• **The records**:
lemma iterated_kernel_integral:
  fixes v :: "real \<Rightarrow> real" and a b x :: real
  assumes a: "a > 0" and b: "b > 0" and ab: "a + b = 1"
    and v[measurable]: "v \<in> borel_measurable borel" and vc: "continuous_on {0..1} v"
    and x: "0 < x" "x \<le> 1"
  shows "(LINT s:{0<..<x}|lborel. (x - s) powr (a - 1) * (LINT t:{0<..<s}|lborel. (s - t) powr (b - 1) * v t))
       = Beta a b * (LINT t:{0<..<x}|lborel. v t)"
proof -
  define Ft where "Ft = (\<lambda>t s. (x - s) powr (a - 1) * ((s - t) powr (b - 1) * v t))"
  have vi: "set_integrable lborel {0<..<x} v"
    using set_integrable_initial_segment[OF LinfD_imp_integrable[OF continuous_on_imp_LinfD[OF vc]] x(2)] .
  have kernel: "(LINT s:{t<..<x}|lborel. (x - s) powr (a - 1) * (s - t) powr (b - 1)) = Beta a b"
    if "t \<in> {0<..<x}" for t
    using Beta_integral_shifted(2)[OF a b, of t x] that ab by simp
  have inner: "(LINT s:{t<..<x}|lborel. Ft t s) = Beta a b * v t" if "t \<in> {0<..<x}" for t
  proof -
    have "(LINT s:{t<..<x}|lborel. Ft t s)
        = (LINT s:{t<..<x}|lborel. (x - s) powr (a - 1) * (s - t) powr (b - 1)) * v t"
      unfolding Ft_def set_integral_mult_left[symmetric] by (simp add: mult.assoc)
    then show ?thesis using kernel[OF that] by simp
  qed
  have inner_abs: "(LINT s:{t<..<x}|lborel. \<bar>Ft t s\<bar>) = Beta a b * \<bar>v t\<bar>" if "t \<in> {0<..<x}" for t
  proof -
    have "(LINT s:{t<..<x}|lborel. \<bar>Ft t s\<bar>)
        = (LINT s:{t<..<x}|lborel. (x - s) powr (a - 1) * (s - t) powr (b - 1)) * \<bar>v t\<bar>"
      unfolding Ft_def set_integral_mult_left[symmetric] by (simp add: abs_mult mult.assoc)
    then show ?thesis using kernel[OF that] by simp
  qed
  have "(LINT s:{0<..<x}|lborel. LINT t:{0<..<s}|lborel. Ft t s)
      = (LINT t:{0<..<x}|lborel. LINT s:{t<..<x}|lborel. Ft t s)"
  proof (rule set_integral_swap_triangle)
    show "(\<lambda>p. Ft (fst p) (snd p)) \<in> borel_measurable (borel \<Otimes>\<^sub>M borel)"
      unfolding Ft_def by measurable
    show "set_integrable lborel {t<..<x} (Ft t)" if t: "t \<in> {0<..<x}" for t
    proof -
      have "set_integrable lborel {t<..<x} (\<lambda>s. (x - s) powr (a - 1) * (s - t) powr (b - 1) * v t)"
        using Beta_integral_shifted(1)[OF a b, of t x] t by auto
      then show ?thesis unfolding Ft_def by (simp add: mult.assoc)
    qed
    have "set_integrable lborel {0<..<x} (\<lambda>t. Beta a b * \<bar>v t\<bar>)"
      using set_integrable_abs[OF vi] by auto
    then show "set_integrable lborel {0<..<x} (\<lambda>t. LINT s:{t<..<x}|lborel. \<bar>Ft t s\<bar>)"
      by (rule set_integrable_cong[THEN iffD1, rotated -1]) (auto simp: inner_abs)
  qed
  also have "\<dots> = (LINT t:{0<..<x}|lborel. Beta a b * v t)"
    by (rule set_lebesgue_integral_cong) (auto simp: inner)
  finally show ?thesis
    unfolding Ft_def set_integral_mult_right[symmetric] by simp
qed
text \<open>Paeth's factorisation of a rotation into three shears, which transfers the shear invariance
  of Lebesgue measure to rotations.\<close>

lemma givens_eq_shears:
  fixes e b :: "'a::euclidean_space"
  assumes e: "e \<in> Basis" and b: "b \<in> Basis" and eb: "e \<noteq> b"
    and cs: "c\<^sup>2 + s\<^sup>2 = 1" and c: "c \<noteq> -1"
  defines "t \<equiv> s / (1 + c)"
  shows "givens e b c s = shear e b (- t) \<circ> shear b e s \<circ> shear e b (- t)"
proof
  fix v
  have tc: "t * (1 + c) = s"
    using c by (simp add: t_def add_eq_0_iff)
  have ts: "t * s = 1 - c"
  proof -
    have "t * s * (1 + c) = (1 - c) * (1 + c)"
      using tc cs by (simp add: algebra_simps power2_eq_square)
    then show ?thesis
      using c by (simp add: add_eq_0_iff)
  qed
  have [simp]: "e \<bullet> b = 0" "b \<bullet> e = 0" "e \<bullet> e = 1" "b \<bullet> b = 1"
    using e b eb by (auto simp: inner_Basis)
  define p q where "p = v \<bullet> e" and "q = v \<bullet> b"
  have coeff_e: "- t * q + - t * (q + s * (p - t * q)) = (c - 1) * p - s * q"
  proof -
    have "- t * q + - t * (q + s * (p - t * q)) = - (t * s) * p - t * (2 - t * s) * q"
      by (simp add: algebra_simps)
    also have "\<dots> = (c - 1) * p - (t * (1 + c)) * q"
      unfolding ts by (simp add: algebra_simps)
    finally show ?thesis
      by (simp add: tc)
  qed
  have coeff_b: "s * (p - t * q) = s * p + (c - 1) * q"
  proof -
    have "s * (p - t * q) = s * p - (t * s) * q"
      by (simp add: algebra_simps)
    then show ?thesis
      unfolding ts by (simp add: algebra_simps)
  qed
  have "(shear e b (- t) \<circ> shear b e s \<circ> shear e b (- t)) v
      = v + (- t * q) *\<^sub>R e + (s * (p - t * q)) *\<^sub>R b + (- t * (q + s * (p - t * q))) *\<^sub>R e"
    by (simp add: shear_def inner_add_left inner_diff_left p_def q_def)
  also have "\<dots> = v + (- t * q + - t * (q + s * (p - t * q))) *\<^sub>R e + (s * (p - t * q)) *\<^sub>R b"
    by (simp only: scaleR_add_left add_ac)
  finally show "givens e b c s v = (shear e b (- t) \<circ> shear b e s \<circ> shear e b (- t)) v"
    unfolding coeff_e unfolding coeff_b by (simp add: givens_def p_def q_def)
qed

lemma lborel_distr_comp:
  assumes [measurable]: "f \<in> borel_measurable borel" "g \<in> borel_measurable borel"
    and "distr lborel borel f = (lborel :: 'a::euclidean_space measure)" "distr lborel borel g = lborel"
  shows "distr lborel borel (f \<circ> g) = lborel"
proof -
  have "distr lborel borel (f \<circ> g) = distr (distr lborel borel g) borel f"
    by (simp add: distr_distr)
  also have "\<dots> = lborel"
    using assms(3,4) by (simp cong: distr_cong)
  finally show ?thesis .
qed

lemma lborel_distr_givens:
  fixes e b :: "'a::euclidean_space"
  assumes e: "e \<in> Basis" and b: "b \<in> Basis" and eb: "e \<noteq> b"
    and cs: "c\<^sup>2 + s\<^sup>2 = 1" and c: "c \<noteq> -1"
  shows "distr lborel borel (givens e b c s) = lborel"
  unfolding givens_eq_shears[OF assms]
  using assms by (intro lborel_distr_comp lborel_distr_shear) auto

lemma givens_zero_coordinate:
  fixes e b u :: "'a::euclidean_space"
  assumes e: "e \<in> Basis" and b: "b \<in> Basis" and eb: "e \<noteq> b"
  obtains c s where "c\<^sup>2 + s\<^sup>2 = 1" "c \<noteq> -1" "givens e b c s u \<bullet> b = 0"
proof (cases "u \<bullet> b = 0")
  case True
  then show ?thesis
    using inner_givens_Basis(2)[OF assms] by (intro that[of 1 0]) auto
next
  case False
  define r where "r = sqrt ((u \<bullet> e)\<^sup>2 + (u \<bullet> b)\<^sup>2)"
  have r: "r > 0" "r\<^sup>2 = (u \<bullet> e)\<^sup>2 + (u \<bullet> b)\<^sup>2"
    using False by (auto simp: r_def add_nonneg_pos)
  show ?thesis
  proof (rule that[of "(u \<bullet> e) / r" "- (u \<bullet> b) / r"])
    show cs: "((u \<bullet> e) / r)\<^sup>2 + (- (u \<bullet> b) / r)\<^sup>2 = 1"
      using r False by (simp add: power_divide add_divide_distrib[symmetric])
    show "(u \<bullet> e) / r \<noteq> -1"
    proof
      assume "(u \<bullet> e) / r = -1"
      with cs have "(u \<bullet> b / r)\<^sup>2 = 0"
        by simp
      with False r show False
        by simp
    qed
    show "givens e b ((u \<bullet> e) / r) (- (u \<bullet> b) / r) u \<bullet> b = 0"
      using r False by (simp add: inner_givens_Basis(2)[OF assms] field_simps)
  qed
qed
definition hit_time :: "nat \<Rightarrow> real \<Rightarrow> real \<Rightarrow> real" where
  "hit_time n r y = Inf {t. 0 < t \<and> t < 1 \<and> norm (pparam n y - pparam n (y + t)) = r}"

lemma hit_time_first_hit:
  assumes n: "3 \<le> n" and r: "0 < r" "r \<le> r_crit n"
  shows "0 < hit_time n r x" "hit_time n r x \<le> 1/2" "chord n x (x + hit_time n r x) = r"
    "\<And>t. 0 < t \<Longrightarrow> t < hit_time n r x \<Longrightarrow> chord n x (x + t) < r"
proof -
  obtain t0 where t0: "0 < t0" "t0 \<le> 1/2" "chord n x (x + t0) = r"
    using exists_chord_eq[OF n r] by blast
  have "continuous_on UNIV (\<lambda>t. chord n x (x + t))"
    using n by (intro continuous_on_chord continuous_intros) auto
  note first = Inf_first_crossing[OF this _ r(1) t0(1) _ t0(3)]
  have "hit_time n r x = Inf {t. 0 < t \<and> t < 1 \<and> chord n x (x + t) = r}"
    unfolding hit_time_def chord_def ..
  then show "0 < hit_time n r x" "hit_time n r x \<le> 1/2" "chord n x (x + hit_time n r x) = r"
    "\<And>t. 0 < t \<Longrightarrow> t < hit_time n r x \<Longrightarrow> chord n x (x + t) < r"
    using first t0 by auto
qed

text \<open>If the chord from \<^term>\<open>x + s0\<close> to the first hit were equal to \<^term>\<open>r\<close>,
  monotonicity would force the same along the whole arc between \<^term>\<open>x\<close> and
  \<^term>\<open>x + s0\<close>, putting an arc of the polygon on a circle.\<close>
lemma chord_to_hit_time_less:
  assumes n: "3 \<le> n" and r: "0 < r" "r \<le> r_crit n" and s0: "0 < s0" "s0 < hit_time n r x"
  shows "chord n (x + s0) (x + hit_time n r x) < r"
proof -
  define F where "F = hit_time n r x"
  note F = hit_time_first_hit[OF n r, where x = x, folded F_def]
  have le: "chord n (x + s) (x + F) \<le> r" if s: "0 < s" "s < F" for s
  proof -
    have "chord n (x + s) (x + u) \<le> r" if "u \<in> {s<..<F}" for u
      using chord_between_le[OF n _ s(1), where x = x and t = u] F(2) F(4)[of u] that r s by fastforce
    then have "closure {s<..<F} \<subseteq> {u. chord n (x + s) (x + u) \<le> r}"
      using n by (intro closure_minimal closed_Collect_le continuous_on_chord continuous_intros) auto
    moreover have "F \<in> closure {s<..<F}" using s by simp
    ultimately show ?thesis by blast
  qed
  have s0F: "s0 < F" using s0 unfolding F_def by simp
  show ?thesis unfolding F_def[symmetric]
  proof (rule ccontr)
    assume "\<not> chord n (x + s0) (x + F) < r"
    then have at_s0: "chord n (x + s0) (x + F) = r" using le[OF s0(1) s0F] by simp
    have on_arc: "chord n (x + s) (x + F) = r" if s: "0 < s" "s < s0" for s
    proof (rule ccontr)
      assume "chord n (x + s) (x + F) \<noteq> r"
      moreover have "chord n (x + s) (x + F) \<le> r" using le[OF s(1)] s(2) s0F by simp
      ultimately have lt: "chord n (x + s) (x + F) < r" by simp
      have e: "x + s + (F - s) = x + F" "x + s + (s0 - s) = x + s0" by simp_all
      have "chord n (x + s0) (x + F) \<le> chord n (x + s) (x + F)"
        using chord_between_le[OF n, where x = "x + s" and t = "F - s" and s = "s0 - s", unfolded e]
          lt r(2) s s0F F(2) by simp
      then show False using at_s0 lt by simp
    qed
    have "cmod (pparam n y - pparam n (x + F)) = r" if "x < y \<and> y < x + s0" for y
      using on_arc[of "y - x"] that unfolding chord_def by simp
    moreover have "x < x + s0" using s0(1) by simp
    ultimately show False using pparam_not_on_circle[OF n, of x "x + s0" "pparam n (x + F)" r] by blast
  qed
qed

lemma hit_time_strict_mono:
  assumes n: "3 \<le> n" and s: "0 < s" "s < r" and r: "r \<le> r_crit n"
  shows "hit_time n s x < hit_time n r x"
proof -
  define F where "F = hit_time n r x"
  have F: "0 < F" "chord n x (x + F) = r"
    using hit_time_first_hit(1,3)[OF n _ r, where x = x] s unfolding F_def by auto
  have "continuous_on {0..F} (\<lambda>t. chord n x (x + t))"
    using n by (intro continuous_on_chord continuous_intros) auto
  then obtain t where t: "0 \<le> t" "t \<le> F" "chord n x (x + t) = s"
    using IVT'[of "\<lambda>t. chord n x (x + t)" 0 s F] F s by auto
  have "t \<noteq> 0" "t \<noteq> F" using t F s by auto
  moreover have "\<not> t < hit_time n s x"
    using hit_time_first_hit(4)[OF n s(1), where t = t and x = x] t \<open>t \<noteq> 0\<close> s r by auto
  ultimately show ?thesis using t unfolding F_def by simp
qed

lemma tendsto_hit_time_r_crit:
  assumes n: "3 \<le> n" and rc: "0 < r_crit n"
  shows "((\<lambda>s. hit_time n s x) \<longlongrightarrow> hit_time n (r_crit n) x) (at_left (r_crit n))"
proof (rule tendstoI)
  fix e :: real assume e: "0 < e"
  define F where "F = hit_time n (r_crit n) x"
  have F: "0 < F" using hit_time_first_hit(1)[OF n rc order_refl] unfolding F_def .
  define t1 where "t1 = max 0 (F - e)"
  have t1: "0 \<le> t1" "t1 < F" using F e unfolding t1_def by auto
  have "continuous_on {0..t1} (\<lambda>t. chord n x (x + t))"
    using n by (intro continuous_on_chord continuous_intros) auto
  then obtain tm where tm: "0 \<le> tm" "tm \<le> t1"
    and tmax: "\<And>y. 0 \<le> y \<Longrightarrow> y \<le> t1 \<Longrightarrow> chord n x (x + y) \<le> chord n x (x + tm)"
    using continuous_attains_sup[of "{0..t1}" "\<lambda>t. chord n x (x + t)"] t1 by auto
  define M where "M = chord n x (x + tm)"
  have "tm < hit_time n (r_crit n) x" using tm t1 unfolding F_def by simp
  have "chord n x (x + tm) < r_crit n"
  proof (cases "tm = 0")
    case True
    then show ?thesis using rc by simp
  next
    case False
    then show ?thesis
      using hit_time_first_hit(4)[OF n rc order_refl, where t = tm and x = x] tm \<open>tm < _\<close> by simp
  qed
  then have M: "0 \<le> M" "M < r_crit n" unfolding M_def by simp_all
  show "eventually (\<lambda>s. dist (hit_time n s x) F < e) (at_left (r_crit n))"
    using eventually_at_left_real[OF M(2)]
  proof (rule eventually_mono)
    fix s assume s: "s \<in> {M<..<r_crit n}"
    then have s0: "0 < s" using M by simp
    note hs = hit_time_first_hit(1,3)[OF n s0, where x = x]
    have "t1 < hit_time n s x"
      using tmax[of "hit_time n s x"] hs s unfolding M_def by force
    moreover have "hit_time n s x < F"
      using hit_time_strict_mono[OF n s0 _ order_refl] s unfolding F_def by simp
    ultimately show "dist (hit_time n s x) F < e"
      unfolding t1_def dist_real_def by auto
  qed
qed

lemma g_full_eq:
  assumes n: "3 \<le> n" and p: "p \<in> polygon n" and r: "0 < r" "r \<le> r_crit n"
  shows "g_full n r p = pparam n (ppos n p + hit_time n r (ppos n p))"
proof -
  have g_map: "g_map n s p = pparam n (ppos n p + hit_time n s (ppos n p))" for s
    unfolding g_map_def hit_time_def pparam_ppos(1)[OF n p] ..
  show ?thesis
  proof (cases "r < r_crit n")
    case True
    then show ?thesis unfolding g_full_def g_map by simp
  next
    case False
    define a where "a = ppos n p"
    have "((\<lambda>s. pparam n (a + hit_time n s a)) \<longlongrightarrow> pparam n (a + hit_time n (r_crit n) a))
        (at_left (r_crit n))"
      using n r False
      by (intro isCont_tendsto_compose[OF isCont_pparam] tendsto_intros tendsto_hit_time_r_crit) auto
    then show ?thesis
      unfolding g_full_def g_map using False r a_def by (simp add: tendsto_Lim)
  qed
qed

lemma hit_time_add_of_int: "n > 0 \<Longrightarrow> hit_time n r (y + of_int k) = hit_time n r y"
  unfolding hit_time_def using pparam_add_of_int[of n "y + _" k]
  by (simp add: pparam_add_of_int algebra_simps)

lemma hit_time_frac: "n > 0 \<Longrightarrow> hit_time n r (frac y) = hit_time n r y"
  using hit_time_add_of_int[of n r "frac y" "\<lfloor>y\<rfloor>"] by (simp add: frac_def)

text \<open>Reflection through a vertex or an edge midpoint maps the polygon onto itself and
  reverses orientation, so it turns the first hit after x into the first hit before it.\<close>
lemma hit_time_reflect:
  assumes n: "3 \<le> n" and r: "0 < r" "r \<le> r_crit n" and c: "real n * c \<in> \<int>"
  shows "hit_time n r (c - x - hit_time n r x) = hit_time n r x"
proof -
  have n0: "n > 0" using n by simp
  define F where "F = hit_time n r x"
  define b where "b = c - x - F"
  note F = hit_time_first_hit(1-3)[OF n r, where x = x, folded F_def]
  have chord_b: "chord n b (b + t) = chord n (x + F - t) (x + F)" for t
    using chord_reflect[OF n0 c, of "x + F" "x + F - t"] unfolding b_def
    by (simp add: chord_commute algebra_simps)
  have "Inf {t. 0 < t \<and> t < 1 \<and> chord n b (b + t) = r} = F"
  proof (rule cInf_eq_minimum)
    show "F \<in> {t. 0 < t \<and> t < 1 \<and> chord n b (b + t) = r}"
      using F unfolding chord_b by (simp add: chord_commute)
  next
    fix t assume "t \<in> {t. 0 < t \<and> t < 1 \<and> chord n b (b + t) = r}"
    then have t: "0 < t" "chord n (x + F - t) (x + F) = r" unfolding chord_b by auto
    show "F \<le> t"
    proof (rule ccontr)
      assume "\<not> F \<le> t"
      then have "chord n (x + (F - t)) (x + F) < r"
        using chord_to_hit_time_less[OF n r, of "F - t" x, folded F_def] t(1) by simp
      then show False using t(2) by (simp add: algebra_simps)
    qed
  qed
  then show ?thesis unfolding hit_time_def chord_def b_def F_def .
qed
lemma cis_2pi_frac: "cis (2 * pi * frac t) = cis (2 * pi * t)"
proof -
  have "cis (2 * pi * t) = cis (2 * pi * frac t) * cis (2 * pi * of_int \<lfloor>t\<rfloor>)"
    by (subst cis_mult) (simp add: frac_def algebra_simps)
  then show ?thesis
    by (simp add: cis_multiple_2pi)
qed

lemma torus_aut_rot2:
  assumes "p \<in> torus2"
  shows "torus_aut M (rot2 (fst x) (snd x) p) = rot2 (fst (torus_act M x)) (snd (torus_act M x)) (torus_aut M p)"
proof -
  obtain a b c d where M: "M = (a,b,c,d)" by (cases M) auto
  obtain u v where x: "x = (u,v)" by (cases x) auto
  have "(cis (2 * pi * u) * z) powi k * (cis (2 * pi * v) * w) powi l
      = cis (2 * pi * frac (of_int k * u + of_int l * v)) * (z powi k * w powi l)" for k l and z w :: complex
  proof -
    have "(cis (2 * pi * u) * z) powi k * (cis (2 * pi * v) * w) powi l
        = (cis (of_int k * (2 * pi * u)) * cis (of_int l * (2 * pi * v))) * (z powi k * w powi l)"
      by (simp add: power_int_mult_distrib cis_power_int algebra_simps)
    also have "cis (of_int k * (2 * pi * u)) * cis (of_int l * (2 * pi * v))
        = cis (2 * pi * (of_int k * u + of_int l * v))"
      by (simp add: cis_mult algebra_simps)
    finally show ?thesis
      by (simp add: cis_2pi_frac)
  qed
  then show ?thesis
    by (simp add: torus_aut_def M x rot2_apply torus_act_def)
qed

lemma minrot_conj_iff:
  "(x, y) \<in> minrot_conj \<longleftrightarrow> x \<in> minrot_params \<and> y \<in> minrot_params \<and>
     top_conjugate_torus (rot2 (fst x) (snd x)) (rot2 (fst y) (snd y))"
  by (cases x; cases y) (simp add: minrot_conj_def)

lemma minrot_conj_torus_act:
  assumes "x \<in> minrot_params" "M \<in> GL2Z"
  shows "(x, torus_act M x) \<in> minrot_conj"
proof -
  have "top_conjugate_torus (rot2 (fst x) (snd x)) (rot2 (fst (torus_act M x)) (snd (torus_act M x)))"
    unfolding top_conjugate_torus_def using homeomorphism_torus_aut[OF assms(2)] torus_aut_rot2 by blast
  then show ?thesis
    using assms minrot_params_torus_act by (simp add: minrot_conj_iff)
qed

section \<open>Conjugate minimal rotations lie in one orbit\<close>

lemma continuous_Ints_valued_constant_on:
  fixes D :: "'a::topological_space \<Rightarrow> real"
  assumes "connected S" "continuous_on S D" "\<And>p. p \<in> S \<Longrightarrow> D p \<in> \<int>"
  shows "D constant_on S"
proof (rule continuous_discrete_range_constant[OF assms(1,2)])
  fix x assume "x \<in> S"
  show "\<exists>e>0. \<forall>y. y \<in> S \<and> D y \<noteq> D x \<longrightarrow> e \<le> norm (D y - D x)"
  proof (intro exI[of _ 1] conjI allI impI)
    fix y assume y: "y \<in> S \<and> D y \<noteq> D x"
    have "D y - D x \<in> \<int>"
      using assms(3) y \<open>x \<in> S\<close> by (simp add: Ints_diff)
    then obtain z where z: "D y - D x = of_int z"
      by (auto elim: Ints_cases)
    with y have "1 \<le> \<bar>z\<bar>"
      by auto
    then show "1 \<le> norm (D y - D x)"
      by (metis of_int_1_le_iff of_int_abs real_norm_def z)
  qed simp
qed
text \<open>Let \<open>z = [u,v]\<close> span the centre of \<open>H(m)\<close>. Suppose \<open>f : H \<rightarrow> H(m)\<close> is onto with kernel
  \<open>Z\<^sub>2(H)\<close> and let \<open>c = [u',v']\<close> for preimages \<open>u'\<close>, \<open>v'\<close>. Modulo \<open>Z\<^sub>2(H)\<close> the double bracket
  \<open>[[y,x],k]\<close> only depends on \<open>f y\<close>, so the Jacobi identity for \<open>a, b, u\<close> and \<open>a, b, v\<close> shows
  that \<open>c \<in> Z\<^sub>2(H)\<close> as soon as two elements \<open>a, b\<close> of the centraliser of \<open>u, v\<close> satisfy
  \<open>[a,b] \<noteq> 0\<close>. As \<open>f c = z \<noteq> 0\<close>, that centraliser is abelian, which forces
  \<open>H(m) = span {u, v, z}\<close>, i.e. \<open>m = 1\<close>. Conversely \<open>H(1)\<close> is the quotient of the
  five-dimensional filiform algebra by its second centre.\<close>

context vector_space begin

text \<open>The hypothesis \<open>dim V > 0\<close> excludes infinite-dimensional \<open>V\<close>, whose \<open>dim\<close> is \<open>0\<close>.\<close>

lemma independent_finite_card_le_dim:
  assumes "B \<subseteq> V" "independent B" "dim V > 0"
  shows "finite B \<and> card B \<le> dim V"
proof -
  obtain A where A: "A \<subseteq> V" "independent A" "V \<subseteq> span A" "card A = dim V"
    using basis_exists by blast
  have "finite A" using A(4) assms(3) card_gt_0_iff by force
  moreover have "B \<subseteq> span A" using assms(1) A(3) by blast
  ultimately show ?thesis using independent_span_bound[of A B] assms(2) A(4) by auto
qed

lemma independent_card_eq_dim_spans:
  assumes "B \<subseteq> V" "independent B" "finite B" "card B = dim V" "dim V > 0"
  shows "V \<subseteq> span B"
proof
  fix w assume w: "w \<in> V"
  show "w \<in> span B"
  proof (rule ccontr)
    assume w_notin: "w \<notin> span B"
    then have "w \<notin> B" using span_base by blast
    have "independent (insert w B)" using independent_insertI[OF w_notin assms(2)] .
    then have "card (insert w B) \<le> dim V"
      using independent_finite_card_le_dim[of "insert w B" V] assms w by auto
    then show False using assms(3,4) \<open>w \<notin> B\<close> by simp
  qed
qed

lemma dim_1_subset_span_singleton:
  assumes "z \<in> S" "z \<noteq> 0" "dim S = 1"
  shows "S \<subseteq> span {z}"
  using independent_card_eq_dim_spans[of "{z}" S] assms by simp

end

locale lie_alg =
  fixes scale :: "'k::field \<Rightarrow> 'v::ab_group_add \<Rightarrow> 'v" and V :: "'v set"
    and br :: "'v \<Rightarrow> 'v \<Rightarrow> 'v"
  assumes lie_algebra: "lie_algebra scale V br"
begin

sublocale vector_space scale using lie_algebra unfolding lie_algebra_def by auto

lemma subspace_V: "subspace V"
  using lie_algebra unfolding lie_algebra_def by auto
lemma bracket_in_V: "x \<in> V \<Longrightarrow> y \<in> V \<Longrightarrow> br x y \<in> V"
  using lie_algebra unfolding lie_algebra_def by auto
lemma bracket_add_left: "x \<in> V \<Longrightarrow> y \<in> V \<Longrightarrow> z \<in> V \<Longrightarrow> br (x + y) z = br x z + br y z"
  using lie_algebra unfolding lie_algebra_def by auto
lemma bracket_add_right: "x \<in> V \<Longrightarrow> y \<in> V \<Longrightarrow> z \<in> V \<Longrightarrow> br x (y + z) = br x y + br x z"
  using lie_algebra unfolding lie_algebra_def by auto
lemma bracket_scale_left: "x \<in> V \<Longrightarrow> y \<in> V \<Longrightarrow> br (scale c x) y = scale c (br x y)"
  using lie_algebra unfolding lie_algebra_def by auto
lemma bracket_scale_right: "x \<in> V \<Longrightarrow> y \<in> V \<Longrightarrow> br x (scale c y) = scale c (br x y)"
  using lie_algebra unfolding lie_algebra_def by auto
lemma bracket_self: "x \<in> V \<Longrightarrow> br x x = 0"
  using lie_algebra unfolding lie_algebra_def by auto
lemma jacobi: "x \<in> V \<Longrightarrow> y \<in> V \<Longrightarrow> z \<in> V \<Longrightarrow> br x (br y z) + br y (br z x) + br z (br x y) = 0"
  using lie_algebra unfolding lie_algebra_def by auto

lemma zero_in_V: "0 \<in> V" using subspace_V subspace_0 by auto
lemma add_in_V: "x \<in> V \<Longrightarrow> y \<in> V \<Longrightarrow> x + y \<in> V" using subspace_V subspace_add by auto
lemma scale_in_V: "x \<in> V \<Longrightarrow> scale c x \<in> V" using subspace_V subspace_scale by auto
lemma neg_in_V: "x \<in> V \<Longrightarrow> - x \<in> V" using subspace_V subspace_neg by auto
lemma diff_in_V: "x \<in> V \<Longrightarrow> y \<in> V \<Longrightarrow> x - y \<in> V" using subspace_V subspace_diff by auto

• **Work task**: List, from the entries above, every line in which the word "term" shows up.

• **Solved problem**:
text \<open>If the chord from \<^term>\<open>x + s0\<close> to the first hit were equal to \<^term>\<open>r\<close>,
  monotonicity would force the same along the whole arc between \<^term>\<open>x\<close> and
  \<^term>\<open>x + s0\<close>, putting an arc of the polygon on a circle.\<close>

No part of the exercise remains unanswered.